lemma depressed_cubic_neg_below:
  fixes X S p q :: "'a::linordered_idom"
  assumes "X \<le> S" "S \<le> 0" "3*S^2 + p > 0" "S^3 + p*S + q < 0"
  shows "X^3 + p*X + q < 0"
proof -
  have "(-S)^2 \<le> (-X)^2" using assms(1,2) by (intro power_mono) simp_all
  moreover have "S*S \<le> X*S" using assms(1,2) by (rule mult_right_mono_neg)
  ultimately have "S^2 \<le> X^2" "S^2 \<le> X*S" by (simp_all add: power2_eq_square)
  then have "X^2 + X*S + S^2 + p > 0" using assms(3) by linarith
  then have "(X - S) * (X^2 + X*S + S^2 + p) \<le> 0"
    using assms(1) by (simp add: mult_nonpos_nonneg)
  moreover have "X^3 + p*X + q = (S^3 + p*S + q) + (X - S) * (X^2 + X*S + S^2 + p)"
    by (simp add: algebra_simps power2_eq_square power3_eq_cube)
  ultimately show ?thesis using assms(4) by linarith
qed

text \<open>The point \<open>-u/v\<close> lies to the left of the real locus of the curve: with
  \<open>S = -C^2 u\<close> and \<open>w = v C^2\<close>, the cubic \<open>X^3 + a4 w^2 X + a6 w^3\<close> is negative at \<open>S\<close>
  and increasing there.\<close>

lemma map_suitable_point_a_pos:
  fixes A B C :: int
  assumes "map_suitable a4 a6 u v" "C \<noteq> 0" "B^2 = A^3 + a4*A*C^4 + a6*C^6"
  shows "A*v + C^2*u > 0"
proof (rule ccontr)
  assume "\<not> A*v + C^2*u > 0"
  have u: "u > 0" and v: "v > 0" and "3*u^2 + a4*v^2 > 0" and "d_E a4 a6 u v > 0"
    using assms(1) by (auto simp: map_suitable_def D_E_def)
  then have "u^3 + a4*u*v^2 - a6*v^3 > 0"
    by (simp add: d_E_def zero_less_mult_iff)
  define w where "w = v*C^2"
  define S where "S = -(C^2*u)"
  have "3*S^2 + a4*w^2 = C^4*(3*u^2 + a4*v^2)"
    unfolding S_def w_def by algebra
  also have "\<dots> > 0"
    using \<open>3*u^2 + a4*v^2 > 0\<close> assms(2) by (simp add: zero_less_power_eq)
  finally have pos_slope: "3*S^2 + a4*w^2 > 0" .
  have "S^3 + a4*w^2*S + a6*w^3 = - (C^6*(u^3 + a4*u*v^2 - a6*v^3))"
    unfolding S_def w_def by algebra
  also have "\<dots> < 0"
    using \<open>u^3 + a4*u*v^2 - a6*v^3 > 0\<close> assms(2) by (simp add: zero_less_power_eq)
  finally have neg_value: "S^3 + a4*w^2*S + a6*w^3 < 0" .
  have "A*v \<le> S" "S \<le> 0"
    using \<open>\<not> A*v + C^2*u > 0\<close> u by (simp_all add: S_def)
  then have "(A*v)^3 + a4*w^2*(A*v) + a6*w^3 < 0"
    using pos_slope neg_value by (rule depressed_cubic_neg_below)
  moreover have "(A*v)^3 + a4*w^2*(A*v) + a6*w^3 = v^3*B^2"
    unfolding w_def assms(3) by algebra
  ultimately show False using v by (simp add: mult_less_0_iff)
qed

lemma square_eq_cube_int:
  fixes q m :: int
  assumes "q^2 = m^3" "m > 0" "q > 0"
  obtains k where "k > 0" "m = k^2" "q = k^3"
proof -
  have "m^2 dvd q^2" using assms(1) by (simp add: power3_eq_cube power2_eq_square)
  then obtain k where q: "q = m*k" by auto
  then have "m^2 * k^2 = m^2 * m"
    using assms(1) by (simp add: power_mult_distrib power3_eq_cube power2_eq_square)
  then have "m = k^2" using assms(2) by simp
  moreover have "k > 0" using assms(2,3) q by (simp add: zero_less_mult_iff)
  ultimately show thesis using q that by (simp add: power2_eq_square power3_eq_cube)
qed

lemma rat_point_integral_coords:
  fixes x y :: rat and a4 a6 :: int
  assumes "y^2 = x^3 + of_int a4 * x + of_int a6"
  obtains A B C :: int where "coprime A C" "coprime B C" "C > 0"
    "x = of_int A / of_int (C^2)" "y = of_int B / of_int (C^3)"
    "B^2 = A^3 + a4*A*C^4 + a6*C^6"
proof -
  obtain n m where "quotient_of x = (n, m)" by force
  then have m: "m > 0" "coprime n m" and x: "x = of_int n / of_int m"
    by (simp_all add: quotient_of_denom_pos quotient_of_coprime quotient_of_div)
  obtain p q where "quotient_of y = (p, q)" by force
  then have q: "q > 0" "coprime p q" and y: "y = of_int p / of_int q"
    by (simp_all add: quotient_of_denom_pos quotient_of_coprime quotient_of_div)
  define K where "K = n^3 + a4*n*m^2 + a6*m^3"
  have "(of_int p / of_int q)^2 = (of_int K / of_int m^3 :: rat)"
    using assms m(1) unfolding x y[symmetric] K_def
    by (simp add: field_simps power2_eq_square power3_eq_cube)
  then have "(of_int (p^2 * m^3) :: rat) = of_int (q^2 * K)"
    using m(1) q(1) by (simp add: power_divide frac_eq_eq)
  then have eq: "p^2 * m^3 = q^2 * K" by (simp only: of_int_eq_iff)
  have "coprime m ((a4*n*m + a6*m^2)*m + n^3)"
    using m(2) by (simp only: coprime_add_mult_iff) (simp add: coprime_commute)
  then have "coprime K m"
    by (simp add: K_def algebra_simps power2_eq_square power3_eq_cube coprime_commute)
  have "q^2 dvd m^3"
  proof -
    have "q^2 dvd p^2 * m^3" using eq by simp
    moreover have "coprime (q^2) (p^2)" using q(2) by (simp add: coprime_commute)
    ultimately show ?thesis by (simp add: coprime_dvd_mult_right_iff)
  qed
  moreover have "m^3 dvd q^2"
  proof -
    have "m^3 dvd q^2 * K" using eq by (metis dvd_triv_right)
    moreover have "coprime (m^3) K" using \<open>coprime K m\<close> by (simp add: coprime_commute)
    ultimately show ?thesis by (simp add: coprime_dvd_mult_left_iff)
  qed
  ultimately have "q^2 = m^3" using m(1) q(1) by (simp add: zdvd_antisym_nonneg)
  then obtain k where k: "k > 0" "m = k^2" "q = k^3" using m(1) q(1) by (rule square_eq_cube_int)
  show thesis
  proof
    show "coprime n k" "coprime p k" using m(2) q(2) k by simp_all
    show "x = of_int n / of_int (k^2)" "y = of_int p / of_int (k^3)" using x y k by simp_all
    have "k^6 * p^2 = k^6 * (n^3 + a4*n*k^4 + a6*k^6)"
      using eq unfolding k K_def by (simp add: algebra_simps flip: power_mult)
    then show "p^2 = n^3 + a4*n*k^4 + a6*k^6" using k(1) by simp
  qed (fact k(1))
qed

lemma weierstrass_d_E_identity:
  fixes A B C u v a4 a6 :: int
  assumes "B^2 = A^3 + a4*A*C^4 + a6*C^6"
  shows "v^4*B^2 + C^6 * d_E a4 a6 u v
       = v*(A*v + C^2*u) * (A^2*v^2 - A*v*C^2*u + C^4*u^2 + a4*C^4*v^2)"
  unfolding d_E_def assms by algebra

lemma coprime_reduced_cube_modulus:
  fixes A C u v :: int
  assumes "squarefree v" "coprime A C"
  defines "g \<equiv> gcd C v"
  shows "coprime (C^3 div g^2) (v*(A*v + C^2*u) div g^2)"
proof -
  have "v \<noteq> 0" using assms(1) by auto
  then have "g \<noteq> 0" by (simp add: g_def)
  define C' v' where "C' = C div g" and "v' = v div g"
  have C: "C = g*C'" and v: "v = g*v'" by (simp_all add: C'_def v'_def g_def)
  have "coprime C' v'"
    using div_gcd_coprime[of C v] \<open>v \<noteq> 0\<close> by (simp add: C'_def v'_def g_def)
  have "coprime g v'" using assms(1) v squarefree_mult_imp_coprime by simp
  have "coprime g A" "coprime C' A" using assms(2) C by (simp_all add: coprime_commute)
  define a' where "a' = A*v' + g*C'^2*u"
  have "coprime g ((C'^2*u)*g + A*v')" "coprime C' ((g*C'*u)*C' + A*v')"
    using \<open>coprime g A\<close> \<open>coprime g v'\<close> \<open>coprime C' A\<close> \<open>coprime C' v'\<close>
    by (simp_all only: coprime_add_mult_iff coprime_mult_right_iff)
  then have "coprime g a'" "coprime C' a'"
    by (simp_all add: a'_def algebra_simps power2_eq_square)
  moreover have "C^3 div g^2 = g*C'^3" "v*(A*v + C^2*u) div g^2 = v'*a'"
    using \<open>g \<noteq> 0\<close> unfolding a'_def C v
    by (simp_all add: algebra_simps power2_eq_square power3_eq_cube)
  ultimately show ?thesis
    using \<open>coprime g v'\<close> \<open>coprime C' v'\<close> by simp
qed

lemma reduced_modulus_dvd:
  fixes A B C u v a4 a6 :: int
  assumes "squarefree v" "coprime A C" "B^2 = A^3 + a4*A*C^4 + a6*C^6"
  defines "g \<equiv> gcd C v"
  shows "v*(A*v + C^2*u) div g^2 dvd (B*v^2 div g^2)^2 + (C^3 div g^2)^2 * d_E a4 a6 u v"
proof -
  define M N b d where "M = v*(A*v + C^2*u) div g^2" and "N = C^3 div g^2"
    and "b = B*v^2 div g^2" and "d = d_E a4 a6 u v"
  have "g \<noteq> 0" using assms(1) by (auto simp: g_def)
  obtain C' v' where C: "C = g*C'" and v: "v = g*v'"
    unfolding g_def by (meson gcd_dvd1 gcd_dvd2 dvdE)
  have M: "v*(A*v + C^2*u) = g^2*M" and N: "C^3 = g^2*N" and b: "B*v^2 = g^2*b"
    unfolding M_def N_def b_def C v using \<open>g \<noteq> 0\<close>
    by (simp_all add: algebra_simps power2_eq_square power3_eq_cube)
  have "g^2 * (g^2 * (b^2 + N^2*d)) = (B*v^2)^2 + (C^3)^2 * d"
    unfolding N b by (simp add: algebra_simps power2_eq_square)
  also have "\<dots> = v^4*B^2 + C^6 * d_E a4 a6 u v"
    by (simp add: d_def power_mult_distrib flip: power_mult)
  also have "\<dots> = v*(A*v + C^2*u) * (A^2*v^2 - A*v*C^2*u + C^4*u^2 + a4*C^4*v^2)"
    using assms(3) by (rule weierstrass_d_E_identity)
  finally have "g^2 * (g^2 * (b^2 + N^2*d))
      = g^2 * (M * (A^2*v^2 - A*v*C^2*u + C^4*u^2 + a4*C^4*v^2))"
    unfolding M by (simp only: mult.assoc)
  then have "g^2 * (b^2 + N^2*d) = M * (A^2*v^2 - A*v*C^2*u + C^4*u^2 + a4*C^4*v^2)"
    using \<open>g \<noteq> 0\<close> by (subst (asm) mult_cancel_left) simp
  then have "M dvd g^2 * (b^2 + N^2*d)" by (metis dvd_triv_left)
  moreover have "coprime M (g^2)"
  proof -
    have "g dvd N" using \<open>g \<noteq> 0\<close> by (simp add: N_def C power3_eq_cube power2_eq_square)
    moreover have "coprime N M"
      using coprime_reduced_cube_modulus[OF assms(1,2), of u] by (simp add: M_def N_def g_def)
    ultimately have "coprime g M" by (rule coprime_divisors[OF _ dvd_refl])
    then show ?thesis by (simp add: coprime_commute)
  qed
  ultimately show ?thesis
    by (simp add: M_def N_def b_def d_def coprime_dvd_mult_right_iff)
qed

lemma dvd_square_add_of_cong_inverse:
  fixes M N b d \<mu> :: int
  assumes "M dvd b^2 + N^2*d" "[N*\<mu> = 1] (mod M)"
  shows "M dvd (\<mu>*b)^2 + d"
proof -
  have "M dvd (N*\<mu> - 1) * ((N*\<mu> + 1) * d)"
    using assms(2) by (simp add: cong_iff_dvd_diff)
  then have "M dvd \<mu>^2 * (b^2 + N^2*d) - (N*\<mu> - 1) * ((N*\<mu> + 1) * d)"
    using assms(1) by (simp add: dvd_diff)
  also have "\<mu>^2 * (b^2 + N^2*d) - (N*\<mu> - 1) * ((N*\<mu> + 1) * d) = (\<mu>*b)^2 + d"
    by (simp add: algebra_simps power2_eq_square)
  finally show ?thesis .
qed

lemma integral_pos_def_form_of_dvd:
  fixes M b d :: int
  assumes "M > 0" "d > 0" "M dvd b^2 + d"
  defines "c \<equiv> (of_int b^2 + of_int d) / of_int M :: rat"
  shows "c \<in> \<int>" and "pos_def_form (of_int M) (2 * of_int b) (of_rat c)"
    and "(2 * of_int b)^2 - 4 * of_int M * c = - 4 * of_int d"
proof -
  have "c = of_int ((b^2 + d) div M)" using assms(3) by (simp add: c_def of_int_div)
  then show "c \<in> \<int>" by simp
  have "of_rat c = (of_int b^2 + of_int d) / (of_int M :: real)"
    by (simp add: c_def of_rat_divide of_rat_add of_rat_power)
  then have "(2 * of_int b)^2 - 4 * of_int M * of_rat c = - 4 * (of_int d :: real)"
    using assms(1) by (simp add: field_simps)
  then show "pos_def_form (of_int M) (2 * of_int b) (of_rat c)"
    using assms(1,2) by (intro pos_def_formI) simp_all
  show "(2 * of_int b)^2 - 4 * of_int M * c = - 4 * of_int d"
    using assms(1) by (simp add: c_def field_simps)
qed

------------

Aim of the exercise
Please transcribe, exactly and with nothing added, the lines from the first line of the material above through the line that contains "by (rule mult_right_mono_neg)".

Written reply
lemma depressed_cubic_neg_below:
  fixes X S p q :: "'a::linordered_idom"
  assumes "X \<le> S" "S \<le> 0" "3*S^2 + p > 0" "S^3 + p*S + q < 0"
  shows "X^3 + p*X + q < 0"
proof -
  have "(-S)^2 \<le> (-X)^2" using assms(1,2) by (intro power_mono) simp_all
  moreover have "S*S \<le> X*S" using assms(1,2) by (rule mult_right_mono_neg)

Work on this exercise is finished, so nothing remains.